Rozlega się szczęk zasuwy, dźwięk równie znajomy, co nawoływanie muezina z pobliskiego meczetu, szczelina w murze, nocnik czy kolumna mrówek, którym od dłuższego czasu ściana po lewej ręce służy jako arteria komunikacyjna między jedną mrówczą siedzibą a drugą. Pran nie podnosi głowy.
Dwie wysokie kobiety patrzą na niego od progu. Ma-ji stoi za nimi, wykręcając nerwowo ręce. Jej palce są w bezustannym ruchu jak wijące się robaki. Kobiety przystępują do działania. Nie zważając na fetor i atmosferę rozpaczy, od której gęsto w maleńkim pokoiku, stawiają Prana na nogi i, podtrzymując, sprowadzają po schodach na dół.
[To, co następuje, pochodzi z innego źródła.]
text \<open>s(A0,A1,A2) = A_{s_1} x ... x A_{s_m}, realised by concatenating the blocks.\<close>

definition word_prod :: "nat list \<Rightarrow> f3vec set \<Rightarrow> f3vec set \<Rightarrow> f3vec set \<Rightarrow> f3vec set" where
  "word_prod s A0 A1 A2 =
     {concat xs | xs. length xs = length s \<and> (\<forall>i<length s. xs!i \<in> sel A0 A1 A2 (s!i))}"

definition set_prod :: "nat list set \<Rightarrow> f3vec set \<Rightarrow> f3vec set \<Rightarrow> f3vec set \<Rightarrow> f3vec set" where
  "set_prod S A0 A1 A2 = (\<Union>s\<in>S. word_prod s A0 A1 A2)"

definition power_prod :: "nat \<Rightarrow> f3vec set \<Rightarrow> f3vec set" where
  "power_prod m A = {concat xs | xs. length xs = m \<and> (\<forall>i<m. xs!i \<in> A)}"

end

(* An element of s(A0,A1,A2) is a concatenation of n-blocks, and a sum of three such
   concatenations vanishes iff it vanishes blockwise. If at some coordinate k the labels
   s_k, t_k, u_k form one of the multisets {0,1,2}, {0,0,1}, {0,0,2}, extendability of
   (A0,A1,A2) together with the symmetry of x + y + z excludes a zero sum in block k, hence in
   s(A) x t(A) x u(A). Admissibility provides such a coordinate for any three words of S that
   are not all equal (for equal words each block is a cap set). Recursive admissibility
   provides one for two words of S and a constant word 1...1 or 2...2 (a common zero, or a
   pair {0,1} resp. {0,2} to complete), and for s, 1...1, 2...2 any zero of s will do. *)

theory Submission
  imports Defs
begin

lemma add_mset3_eq_cases:
  "{#a, b, c#} = {#x, y, z#} \<Longrightarrow>
     (a, b, c) \<in> {(x, y, z), (x, z, y), (y, x, z), (y, z, x), (z, x, y), (z, y, x)}"
  by (auto simp: add_eq_conv_ex)

lemma sum3_zero_iff_nth:
  "length y = length x \<Longrightarrow> length z = length x \<Longrightarrow>
     sum3_zero x y z \<longleftrightarrow> (\<forall>j<length x. x!j + y!j + z!j = 0)"
  unfolding sum3_zero_def by (simp add: list_eq_iff_nth_eq)

lemma sum3_zero_swap12:
  "length y = length x \<Longrightarrow> length z = length x \<Longrightarrow> sum3_zero x y z \<longleftrightarrow> sum3_zero y x z"
  by (simp add: sum3_zero_iff_nth add.commute)

lemma sum3_zero_swap23:
  "length y = length x \<Longrightarrow> length z = length x \<Longrightarrow> sum3_zero x y z \<longleftrightarrow> sum3_zero x z y"
  by (simp add: sum3_zero_iff_nth ac_simps)

lemma sum3_zero_append:
  assumes "length y = length x" "length z = length x" "length y' = length x'" "length z' = length x'"
  shows "sum3_zero (x @ x') (y @ y') (z @ z') \<longleftrightarrow> sum3_zero x y z \<and> sum3_zero x' y' z'"
  using assms unfolding sum3_zero_def by (simp add: replicate_add)

lemma sum3_zero_concat:
  assumes "map length ys = map length xs" "map length zs = map length xs"
  shows "sum3_zero (concat xs) (concat ys) (concat zs) \<longleftrightarrow>
           (\<forall>i<length xs. sum3_zero (xs!i) (ys!i) (zs!i))"
  using assms
proof (induction xs arbitrary: ys zs)
  case Nil
  then show ?case by (simp add: sum3_zero_def)
next
  case (Cons x xs)
  obtain y ys' where ys: "ys = y # ys'" using Cons.prems(1) by (cases ys) auto
  obtain z zs' where zs: "zs = z # zs'" using Cons.prems(2) by (cases zs) auto
  have lengths: "length (concat ys') = length (concat xs)" "length (concat zs') = length (concat xs)"
    using Cons.prems by (simp_all add: ys zs length_concat)
  show ?case
    using Cons.prems lengths by (simp add: ys zs sum3_zero_append Cons.IH All_less_Suc2)
qed

definition forbidden_labels :: "nat multiset set" where
  "forbidden_labels = {{#0, 1, 2#}, {#0, 0, 1#}, {#0, 0, 2#}}"

lemma sel_cap_set:
  "cap_set n A0 \<Longrightarrow> cap_set n A1 \<Longrightarrow> cap_set n A2 \<Longrightarrow> cap_set n (sel A0 A1 A2 k)"
  by (simp add: sel_def)

lemma extendable_sel_cap_set: "extendable n A0 A1 A2 \<Longrightarrow> cap_set n (sel A0 A1 A2 k)"
  by (simp add: extendable_def sel_cap_set)
lemma logloss_has_derivative:
  "((\<lambda>\<theta>. logloss \<theta> x y) has_derivative (\<lambda>h. (sigmoid (\<theta> \<bullet> x) - y) * (h \<bullet> x))) (at \<theta>)"
  unfolding logloss_eq_softplus
  by (rule derivative_eq_intros DERIV_compose_FDERIV[OF softplus_has_real_derivative] refl
      | simp add: algebra_simps)+

lemma logloss_above_tangent:
  "logloss \<theta> x y + (sigmoid (\<theta> \<bullet> x) - y) * ((\<theta>' - \<theta>) \<bullet> x) \<le> logloss \<theta>' x y"
  using softplus_above_tangent[of "\<theta> \<bullet> x" "\<theta>' \<bullet> x"]
  by (simp add: logloss_eq_softplus algebra_simps)

lemma logloss_remainder_le:
  "\<bar>logloss (\<theta> + h) x y - logloss \<theta> x y - (sigmoid (\<theta> \<bullet> x) - y) * (h \<bullet> x)\<bar> \<le> norm h * (2 * norm x)"
proof -
  have "\<bar>softplus (\<theta> \<bullet> x + h \<bullet> x) - softplus (\<theta> \<bullet> x)\<bar> \<le> \<bar>h \<bullet> x\<bar>"
    using softplus_lipschitz[of "\<theta> \<bullet> x + h \<bullet> x" "\<theta> \<bullet> x"] by simp
  moreover have "\<bar>sigmoid (\<theta> \<bullet> x) * (h \<bullet> x)\<bar> \<le> \<bar>h \<bullet> x\<bar>"
    using sigmoid_pos[of "\<theta> \<bullet> x"] sigmoid_less_one[of "\<theta> \<bullet> x"]
    by (simp add: abs_mult mult_left_le_one_le)
  moreover have "\<bar>h \<bullet> x\<bar> \<le> norm h * norm x"
    by (rule Cauchy_Schwarz_ineq2)
  ultimately show ?thesis
    by (simp add: logloss_eq_softplus algebra_simps)
qed

lemma abs_logloss_le: "\<bar>logloss \<theta> x y\<bar> \<le> 1 + (1 + \<bar>y\<bar>) * (norm \<theta> * norm x)"
proof -
  have "\<bar>\<theta> \<bullet> x\<bar> \<le> norm \<theta> * norm x"
    by (rule Cauchy_Schwarz_ineq2)
  moreover have "\<bar>y * (\<theta> \<bullet> x)\<bar> \<le> \<bar>y\<bar> * (norm \<theta> * norm x)"
    using calculation by (simp add: abs_mult mult_left_mono)
  ultimately show ?thesis
    using softplus_le[of "\<theta> \<bullet> x"] softplus_nonneg[of "\<theta> \<bullet> x"]
    by (simp add: logloss_eq_softplus algebra_simps)
qed

lemma has_derivative_integral:
  fixes f :: "'a::euclidean_space \<Rightarrow> 'b \<Rightarrow> real"
  assumes f_deriv: "\<And>x. ((\<lambda>\<theta>. f \<theta> x) has_derivative f' x) (at \<theta>)"
    and f_int: "\<And>\<theta>. integrable M (f \<theta>)"
    and f'_int: "\<And>h. integrable M (\<lambda>x. f' x h)"
    and remainder: "\<And>h x. \<bar>f (\<theta> + h) x - f \<theta> x - f' x h\<bar> \<le> norm h * g x"
    and g_int: "integrable M g"
  shows "((\<lambda>\<theta>. \<integral>x. f \<theta> x \<partial>M) has_derivative (\<lambda>h. \<integral>x. f' x h \<partial>M)) (at \<theta>)"
    (is "(?F has_derivative ?D) _")
  unfolding has_derivative_at
proof
  have lin: "linear (f' x)" for x
    using f_deriv[of x] by (simp add: has_derivative_def bounded_linear.linear)
  show "bounded_linear ?D"
    unfolding linear_conv_bounded_linear[symmetric]
    by (rule linearI) (simp_all add: linear_add[OF lin] linear_scale[OF lin] f'_int)
  define r where "r h x = (f (\<theta> + h) x - f \<theta> x - f' x h) / norm h" for h x
  have r_lim: "((\<lambda>h. r h x) \<longlongrightarrow> 0) (at 0)" for x
  proof (rule tendsto_norm_zero_cancel)
    show "((\<lambda>h. norm (r h x)) \<longlongrightarrow> 0) (at 0)"
      using f_deriv[of x] by (simp add: has_derivative_at r_def)
  qed
  have "((\<lambda>h. \<integral>x. r h x \<partial>M) \<longlongrightarrow> 0) (at 0)"
    unfolding tendsto_at_iff_sequentially comp_def
  proof (intro allI impI)
    fix X :: "nat \<Rightarrow> 'a"
    assume X_ne: "\<forall>i. X i \<in> UNIV - {0}" and X_lim: "X \<longlonglongrightarrow> 0"
    have "(\<lambda>i. \<integral>x. r (X i) x \<partial>M) \<longlonglongrightarrow> (\<integral>x. 0 \<partial>M)"
    proof (rule integral_dominated_convergence[OF _ _ g_int])
      show "r (X i) \<in> borel_measurable M" for i
        unfolding r_def using f_int f'_int by measurable
      show "AE x in M. (\<lambda>i. r (X i) x) \<longlonglongrightarrow> 0"
        using r_lim X_ne X_lim by (simp add: tendsto_at_iff_sequentially comp_def)
      show "AE x in M. norm (r (X i) x) \<le> g x" for i
        using remainder[of "X i"] X_ne by (simp add: r_def divide_le_eq mult.commute)
    qed simp
    then show "(\<lambda>i. \<integral>x. r (X i) x \<partial>M) \<longlonglongrightarrow> 0"
      by simp
  qed
  then have "((\<lambda>h. \<bar>\<integral>x. r h x \<partial>M\<bar>) \<longlongrightarrow> 0) (at 0)"
    by (rule tendsto_rabs_zero)
  moreover have "\<forall>\<^sub>F h in at 0. \<bar>\<integral>x. r h x \<partial>M\<bar> = norm (?F (\<theta> + h) - ?F \<theta> - ?D h) / norm h"
    using f_int f'_int by (auto simp: r_def eventually_at_filter)
  ultimately show "((\<lambda>h. norm (?F (\<theta> + h) - ?F \<theta> - ?D h) / norm h) \<longlongrightarrow> 0) (at 0)"
    by (rule Lim_transform_eventually)
qed

context
  fixes N :: "'a::euclidean_space measure"
  assumes finite_N: "finite_measure N"
    and sets_N [measurable_cong]: "sets N = sets borel"
    and integrable_norm_N: "integrable N norm"
begin

lemma integrable_logloss: "integrable N (\<lambda>x. logloss \<theta> x y)"
proof (rule Bochner_Integration.integrable_bound)
  show "integrable N (\<lambda>x. 1 + (1 + \<bar>y\<bar>) * norm \<theta> * norm x)"
    using finite_N integrable_norm_N by (simp add: finite_measure.integrable_const)
  show "(\<lambda>x. logloss \<theta> x y) \<in> borel_measurable N"
    unfolding logloss_def by measurable
  show "AE x in N. norm (logloss \<theta> x y) \<le> norm (1 + (1 + \<bar>y\<bar>) * norm \<theta> * norm x)"
    using abs_logloss_le[of \<theta> _ y] by (intro AE_I2) (simp add: mult.assoc)
qed

lemma integrable_logloss_gradient: "integrable N (\<lambda>x. (sigmoid (\<theta> \<bullet> x) - y) * (h \<bullet> x))"
proof (rule Bochner_Integration.integrable_bound)
  show "integrable N (\<lambda>x. (1 + \<bar>y\<bar>) * norm h * norm x)"
    using integrable_norm_N by simp
  show "(\<lambda>x. (sigmoid (\<theta> \<bullet> x) - y) * (h \<bullet> x)) \<in> borel_measurable N"
    unfolding sigmoid_def by measurable
  have "\<bar>(sigmoid (\<theta> \<bullet> x) - y) * (h \<bullet> x)\<bar> \<le> (1 + \<bar>y\<bar>) * (norm h * norm x)" for x
    unfolding abs_mult
  proof (rule mult_mono)
    show "\<bar>sigmoid (\<theta> \<bullet> x) - y\<bar> \<le> 1 + \<bar>y\<bar>"
      using sigmoid_pos[of "\<theta> \<bullet> x"] sigmoid_less_one[of "\<theta> \<bullet> x"] by linarith
  qed (simp_all add: Cauchy_Schwarz_ineq2)
  then show "AE x in N. norm ((sigmoid (\<theta> \<bullet> x) - y) * (h \<bullet> x)) \<le> norm ((1 + \<bar>y\<bar>) * norm h * norm x)"
    by (intro AE_I2) (simp add: mult.assoc)
qed

lemma expected_logloss_has_derivative:
  "((\<lambda>\<theta>. \<integral>x. logloss \<theta> x y \<partial>N) has_derivative
     (\<lambda>h. \<integral>x. (sigmoid (\<theta> \<bullet> x) - y) * (h \<bullet> x) \<partial>N)) (at \<theta>)"
  by (rule has_derivative_integral[OF logloss_has_derivative integrable_logloss
        integrable_logloss_gradient logloss_remainder_le])
    (simp add: integrable_norm_N)

lemma expected_logloss_above_tangent:
  "(\<integral>x. logloss \<theta> x y \<partial>N) + (\<integral>x. (sigmoid (\<theta> \<bullet> x) - y) * ((\<theta>' - \<theta>) \<bullet> x) \<partial>N)
     \<le> (\<integral>x. logloss \<theta>' x y \<partial>N)"
proof -
  have "(\<integral>x. logloss \<theta> x y \<partial>N) + (\<integral>x. (sigmoid (\<theta> \<bullet> x) - y) * ((\<theta>' - \<theta>) \<bullet> x) \<partial>N)
      = (\<integral>x. logloss \<theta> x y + (sigmoid (\<theta> \<bullet> x) - y) * ((\<theta>' - \<theta>) \<bullet> x) \<partial>N)"
    using integrable_logloss integrable_logloss_gradient by (rule Bochner_Integration.integral_add[symmetric])
  also have "\<dots> \<le> (\<integral>x. logloss \<theta>' x y \<partial>N)"
    using integrable_logloss integrable_logloss_gradient
    by (intro integral_mono logloss_above_tangent) auto
  finally show ?thesis .
qed

end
Goście zrodzeni z płomienia świecy? Apsary? Ile to razy Pran o tym roił? A jednak aromat wody różanej, postękiwanie z wysiłku, palce zaciśnięte mocno na jego ramionach wydają się rzeczywiste.
Szelest jedwabiu. Ma-ji jak uwięziona w klatce mangusta skrzeczy coś o pieniądzach. Jedna z kobiet odwraca się do niej i mówi z pogardą: „Zostałaś hojnie wynagrodzona”.